Люди молчали, но по лицам, по глазам как будто живой водой брызнуло.
- Отберите, товарищ Столяревский, десять добровольцев на первую операцию отряда для помощи Севастополю, - приказал я.
- Есть!
- Товарищ Сухиненко, надо собрать коммунистов. Всех. Даже с постов, предложил Витенко, действуя за комиссара.
Через полчаса двадцать восемь членов и кандидатов партии сидели у большого костра. На собрании коммунисты, как говорится, все выложили начистоту.
Первым выступил высокий, с большими черными глазами, партизан в форме политрука погранвойск. Говорил он очень горячо:
- Товарищи, мы, армейцы, народ дисциплинированный. А что получается? Окружили себя десятками постов, объявляем по каждому выстрелу общую тревогу. Куда уж на операцию ходить, когда на самоохрану людей не хватает.
- Не знаю вашего имени. Вы, кажется, командуете взводом и пытались пойти на дорогу бить врага? - спросил Витенко.
- Фамилия моя Кривошта, зовут Николаем. Попытки пойти на операцию я действительно делал, но командование отряда отказывало. Говорили, что сейчас не время. Тысячи, мол, гитлеровцев наступают. Мое предложение такое: всем разойтись на дело. В лагере изменить обстановку. Надо сделать так, чтобы здесь можно было отдыхать. Хотя бы как у наших соседей-бахчисарайцев. Я прошу меня со взводом немедленно послать в бой! закончил Кривошта.
Коммунисты разошлись по взводам и группам, неся партизанам правду о провале вражеского наступления на лес, о разгроме фашистов под Москвой, о нашей помощи Севастополю.
К утру следующего дня в штаб подали списки добровольцев, желающих немедленно идти в бой. Весь отряд, даже больные, просился на операцию.
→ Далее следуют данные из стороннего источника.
(* Let $n\ge 1$. Let $H_1$ be the graph obtained from the complete bipartite graph $K_{n,n}$ with left vertices $l_1,\dots,l_n$ and right vertices $r_1,\dots,r_n$ by adding two new vertices $s$ (source) and $t$ (sink), joining each $l_j$ to $s$ by $n$ internally vertex-disjoint paths of length $n$ (with new internal vertices), and joining each $r_j$ to $t$ by $n$ internally vertex-disjoint paths of length $n$ (with new internal vertices). For $i\ge 2$, let $H_i$ be the graph obtained from $H_1$ by replacing every edge $(a,b)$ of $H_1$ by a fresh copy of $H_{i-1}$ whose source and sink are identified with $a$ and $b$; the source and sink of $H_i$ are $s$ and $t$. Then for every $i\ge 1$, $H_i$ has treewidth at most $n+1$.
   Context: Treewidth: a tree decomposition of $G=(V_G,E_G)$ is a tree $T$ with bags $X_i\subseteq V_G$ ($i\in V(T)$) such that the bags cover $V_G$, every edge has both endpoints in some bag, and for $i,j,k\in V(T)$ with $j$ on the $i$–$k$ path, $X_i\cap X_k\subseteq X_j$. Its width is $\max_i|X_i|-1$; the treewidth of $G$ is the minimum width over its tree decompositions. *)

theory Defs
  imports Main
begin

text \<open>A graph is given by a vertex set V and a set E of edges, each edge being a
  2-element set of vertices.\<close>

definition is_tpath :: "'b set set \<Rightarrow> 'b list \<Rightarrow> bool" where
  "is_tpath TE xs \<longleftrightarrow> xs \<noteq> [] \<and> distinct xs \<and>
     (\<forall>m. Suc m < length xs \<longrightarrow> {xs ! m, xs ! Suc m} \<in> TE)"

definition is_tree :: "'b set \<Rightarrow> 'b set set \<Rightarrow> bool" where
  "is_tree N TE \<longleftrightarrow> finite N \<and> N \<noteq> {} \<and>
     TE \<subseteq> {{u, v} | u v. u \<in> N \<and> v \<in> N \<and> u \<noteq> v} \<and>
     (\<forall>u\<in>N. \<forall>v\<in>N. \<exists>xs. is_tpath TE xs \<and> hd xs = u \<and> last xs = v) \<and>
     \<not> (\<exists>xs. is_tpath TE xs \<and> length xs \<ge> 3 \<and> {last xs, hd xs} \<in> TE)"

definition tree_decomposition ::
  "'a set \<Rightarrow> 'a set set \<Rightarrow> 'b set \<Rightarrow> 'b set set \<Rightarrow> ('b \<Rightarrow> 'a set) \<Rightarrow> bool" where
  "tree_decomposition V E N TE X \<longleftrightarrow> is_tree N TE \<and>
     (\<forall>i\<in>N. X i \<subseteq> V) \<and> (\<Union>i\<in>N. X i) = V \<and>
     (\<forall>e\<in>E. \<exists>i\<in>N. e \<subseteq> X i) \<and>
     (\<forall>xs. is_tpath TE xs \<longrightarrow> (\<forall>j\<in>set xs. X (hd xs) \<inter> X (last xs) \<subseteq> X j))"

definition treewidth :: "'a set \<Rightarrow> 'a set set \<Rightarrow> nat" where
  "treewidth V E = (LEAST k. \<exists>(N :: nat set) TE X. tree_decomposition V E N TE X \<and>
      (\<forall>i\<in>N. card (X i) \<le> k + 1))"

text \<open>Vertices of the base graph H_1: source S, sink T, left vertices L j, right
  vertices R j (j < n), internal vertex PL j k m = m-th internal vertex of the k-th
  path from s to l_j, and PR j k m = m-th internal vertex of the k-th path from r_j
  to t (0 < m < n).\<close>

datatype v1 = S | T | L nat | R nat | PL nat nat nat | PR nat nat nat

definition nodeL :: "nat \<Rightarrow> nat \<Rightarrow> nat \<Rightarrow> nat \<Rightarrow> v1" where
  "nodeL n j k m = (if m = 0 then S else if m = n then L j else PL j k m)"

definition nodeR :: "nat \<Rightarrow> nat \<Rightarrow> nat \<Rightarrow> nat \<Rightarrow> v1" where
  "nodeR n j k m = (if m = 0 then R j else if m = n then T else PR j k m)"

definition V1 :: "nat \<Rightarrow> v1 set" where
  "V1 n = {S, T} \<union> L ` {..<n} \<union> R ` {..<n} \<union>
     {PL j k m | j k m. j < n \<and> k < n \<and> 0 < m \<and> m < n} \<union>
     {PR j k m | j k m. j < n \<and> k < n \<and> 0 < m \<and> m < n}"

text \<open>Edges of H_1, each oriented (from the source side towards the sink side);
  the orientation tells how the source/sink of the substituted copies are glued.\<close>

definition D1 :: "nat \<Rightarrow> (v1 \<times> v1) set" where
  "D1 n = {(L j, R k) | j k. j < n \<and> k < n} \<union>
     {(nodeL n j k m, nodeL n j k (Suc m)) | j k m. j < n \<and> k < n \<and> m < n} \<union>
     {(nodeR n j k m, nodeR n j k (Suc m)) | j k m. j < n \<and> k < n \<and> m < n}"

text \<open>Vertices of H_i: a list of H_1-edges (the nested copies one lies in) and a
  vertex of H_1.  emb a b embeds a copy into the edge (a,b), identifying the copy's
  source with a and its sink with b.\<close>

type_synonym hvert = "(v1 \<times> v1) list \<times> v1"

definition emb :: "v1 \<Rightarrow> v1 \<Rightarrow> hvert \<Rightarrow> hvert" where
  "emb a b x = (if x = ([], S) then ([], a) else if x = ([], T) then ([], b)
                else ((a, b) # fst x, snd x))"

text \<open>H n 0 is a single edge s--t (so that H n 1 is exactly H_1); H n (i+1) is H_1 with
  every edge (a,b) replaced by a fresh copy of H n i glued at a and b.\<close>

fun Hv :: "nat \<Rightarrow> nat \<Rightarrow> hvert set" where
  "Hv n 0 = {([], S), ([], T)}"
| "Hv n (Suc i) = (\<lambda>v. ([], v)) ` V1 n \<union> (\<Union>(a, b)\<in>D1 n. emb a b ` Hv n i)"

fun He :: "nat \<Rightarrow> nat \<Rightarrow> hvert set set" where
  "He n 0 = {{([], S), ([], T)}}"
| "He n (Suc i) = (\<Union>(a, b)\<in>D1 n. (\<lambda>e. emb a b ` e) ` He n i)"

end

theory Submission
  imports Defs
begin

text \<open>
  H_1 together with the extra edge st has a tree decomposition with bags of at most n + 2 vertices
  in which s and t share a bag: a core bag {s, t, l_1, ..., l_n}; for every r_k a bag
  {t, r_k, l_1, ..., l_n} covering the edges of K_{n,n} at r_k; and along each subdivided path a
  chain of bags, each holding the two ends of the path (s and l_j, or r_j and t) together with two
  consecutive path vertices.  For H_{i+1}, take this decomposition of the outer copy of H_1 and, by
  induction, a decomposition of H_i + st for the copy substituted into each edge ab.  The copy meets
  the rest of the graph only in a and b, and both some bag of the outer decomposition (the one
  covering the edge ab) and some bag of the copy (the one covering st) contain {a, b}; joining these
  two bags by a tree edge keeps the decomposition valid.  All constructions are instances of this
  gluing of two tree decompositions along one new tree edge.
\<close>

section \<open>Paths in trees\<close>

definition doubletons :: "'b set \<Rightarrow> 'b set set" where
  "doubletons N = {{u, v} | u v. u \<in> N \<and> v \<in> N \<and> u \<noteq> v}"

lemma doubletonsD: "{u, v} \<in> doubletons N \<Longrightarrow> u \<in> N \<and> v \<in> N \<and> u \<noteq> v"
  unfolding doubletons_def by (auto simp: doubleton_eq_iff)

lemma doubletons_mono: "M \<subseteq> N \<Longrightarrow> doubletons M \<subseteq> doubletons N"
  unfolding doubletons_def by blast

lemma is_tree_edges: "is_tree N TE \<Longrightarrow> TE \<subseteq> doubletons N"
  unfolding is_tree_def doubletons_def by blast

lemma is_tpath_Nil [simp]: "\<not> is_tpath TE []"
  by (simp add: is_tpath_def)

lemma is_tpath_singleton [simp]: "is_tpath TE [x]"
  by (simp add: is_tpath_def)

lemma is_tpath_Cons_Cons:
  "is_tpath TE (x # y # ys) \<longleftrightarrow> {x, y} \<in> TE \<and> x \<notin> set (y # ys) \<and> is_tpath TE (y # ys)"
  unfolding is_tpath_def by (auto simp: less_Suc_eq_0_disj)

lemma is_tpath_append:
  assumes "xs \<noteq> []" "ys \<noteq> []"
  shows "is_tpath TE (xs @ ys) \<longleftrightarrow>
    is_tpath TE xs \<and> is_tpath TE ys \<and> {last xs, hd ys} \<in> TE \<and> set xs \<inter> set ys = {}"
  using assms
proof (induction xs)
  case (Cons x xs)
  then show ?case
    by (cases xs; cases ys) (auto simp: is_tpath_Cons_Cons)
qed simp

lemma is_tpath_mono: "is_tpath TE xs \<Longrightarrow> TE \<subseteq> TE' \<Longrightarrow> is_tpath TE' xs"
  unfolding is_tpath_def by blast

lemma is_tpath_map:
  assumes "is_tpath TE xs" "inj_on f (set xs)" "\<And>u v. {u, v} \<in> TE \<Longrightarrow> {f u, f v} \<in> TE'"
  shows "is_tpath TE' (map f xs)"
  using assms unfolding is_tpath_def by (auto simp: distinct_map)

lemma is_tpath_hd_eq_last: "is_tpath TE xs \<Longrightarrow> hd xs = last xs \<Longrightarrow> xs = [hd xs]"
proof (cases xs rule: remdups_adj.cases)
  case (3 x y ys)
  then show "is_tpath TE xs \<Longrightarrow> hd xs = last xs \<Longrightarrow> xs = [hd xs]"
    using last_in_set[of "y # ys"] by (auto simp: is_tpath_Cons_Cons)
qed auto

lemma is_tpath_set_subset:
  assumes "TE \<subseteq> doubletons N" "is_tpath TE xs" "hd xs \<in> N \<or> length xs \<ge> 2"
  shows "set xs \<subseteq> N"
  using assms(2,3)
proof (induction xs rule: remdups_adj.induct)
  case (3 x y ys)
  then have "{x, y} \<in> doubletons N" "is_tpath TE (y # ys)"
    using assms(1) by (auto simp: is_tpath_Cons_Cons)
  with "3.IH" show ?case by (auto dest: doubletonsD)
qed auto

lemma is_tree_path_subset:
  "is_tree N TE \<Longrightarrow> is_tpath TE xs \<Longrightarrow> hd xs \<in> N \<or> length xs \<ge> 2 \<Longrightarrow> set xs \<subseteq> N"
  using is_tpath_set_subset is_tree_edges by blast

lemma is_tree_singleton: "is_tree {x} {}"
  unfolding is_tree_def by (auto intro!: exI[of _ "[x]"])

section \<open>Tree decompositions\<close>

lemma tree_decompositionI:
  assumes "is_tree N TE" "\<And>i. i \<in> N \<Longrightarrow> X i \<subseteq> V" "V \<subseteq> (\<Union>i\<in>N. X i)"
    "\<And>e. e \<in> E \<Longrightarrow> \<exists>i\<in>N. e \<subseteq> X i"
    "\<And>xs j. is_tpath TE xs \<Longrightarrow> set xs \<subseteq> N \<Longrightarrow> j \<in> set xs \<Longrightarrow> X (hd xs) \<inter> X (last xs) \<subseteq> X j"
  shows "tree_decomposition V E N TE X"
proof -
  have "X (hd xs) \<inter> X (last xs) \<subseteq> X j" if xs: "is_tpath TE xs" and j: "j \<in> set xs" for xs j
  proof (cases "length xs \<ge> 2")
    case True
    with assms(1,5) xs j show ?thesis using is_tree_path_subset by blast
  next
    case False
    with xs j have "xs = [j]" by (cases xs rule: remdups_adj.cases) auto
    then show ?thesis by simp
  qed
  with assms show ?thesis unfolding tree_decomposition_def by blast
qed

lemma tree_decomposition_path:
  "tree_decomposition V E N TE X \<Longrightarrow> is_tpath TE xs \<Longrightarrow> j \<in> set xs \<Longrightarrow> X (hd xs) \<inter> X (last xs) \<subseteq> X j"
  unfolding tree_decomposition_def by blast

lemma tree_decomposition_bag_subset: "tree_decomposition V E N TE X \<Longrightarrow> i \<in> N \<Longrightarrow> X i \<subseteq> V"
  unfolding tree_decomposition_def by blast

lemma tree_decomposition_covers: "tree_decomposition V E N TE X \<Longrightarrow> (\<Union>i\<in>N. X i) = V"
  unfolding tree_decomposition_def by blast

lemma tree_decomposition_edge:
  "tree_decomposition V E N TE X \<Longrightarrow> e \<in> E \<Longrightarrow> \<exists>i\<in>N. e \<subseteq> X i"
  unfolding tree_decomposition_def by blast

lemma tree_decomposition_singleton:
  "(\<And>e. e \<in> E \<Longrightarrow> e \<subseteq> X x) \<Longrightarrow> tree_decomposition (X x) E {x} {} X"
proof (rule tree_decompositionI[OF is_tree_singleton])
  fix xs j assume xs: "is_tpath {} xs" "set xs \<subseteq> {x}" and "j \<in> set xs"
  then have "hd xs = j" "last xs = j"
    using hd_in_set last_in_set is_tpath_Nil by (metis singletonD subsetD)+
  then show "X (hd xs) \<inter> X (last xs) \<subseteq> X j" by simp
qed auto

lemma tree_decomposition_mono_edges:
  "tree_decomposition V E N TE X \<Longrightarrow> E' \<subseteq> E \<Longrightarrow> tree_decomposition V E' N TE X"
  unfolding tree_decomposition_def by blast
Мы сейчас же снарядили три боевые группы по десять человек. Первую группу повел на Бахчисарайское шоссе Столяревский. Вторая группа под руководством политрука Кривошты пошла к селу Коуш и третья группа - к Ангарскому Перевалу.
Мы поговорили с командиром и комиссаром отряда. Они обещали резко изменить положение. По существу командира надо было отстранить, так как, разумеется, именно он в первую очередь был виновен в создавшемся положении.
Мы наметили по карте ближайшие боевые задачи отряда. Приняли необходимые меры к пресечению попыток самовольного ухода в Севастополь, предупредили всех, что такие действия со стороны партизан будут расцениваться как дезертирство. Послали людей к командиру Евпаторийского отряда с просьбой одолжить соли, и через два часа отряд получил три пуда соли. После обеда для партизан, оставшихся в лагере, была устроена баня.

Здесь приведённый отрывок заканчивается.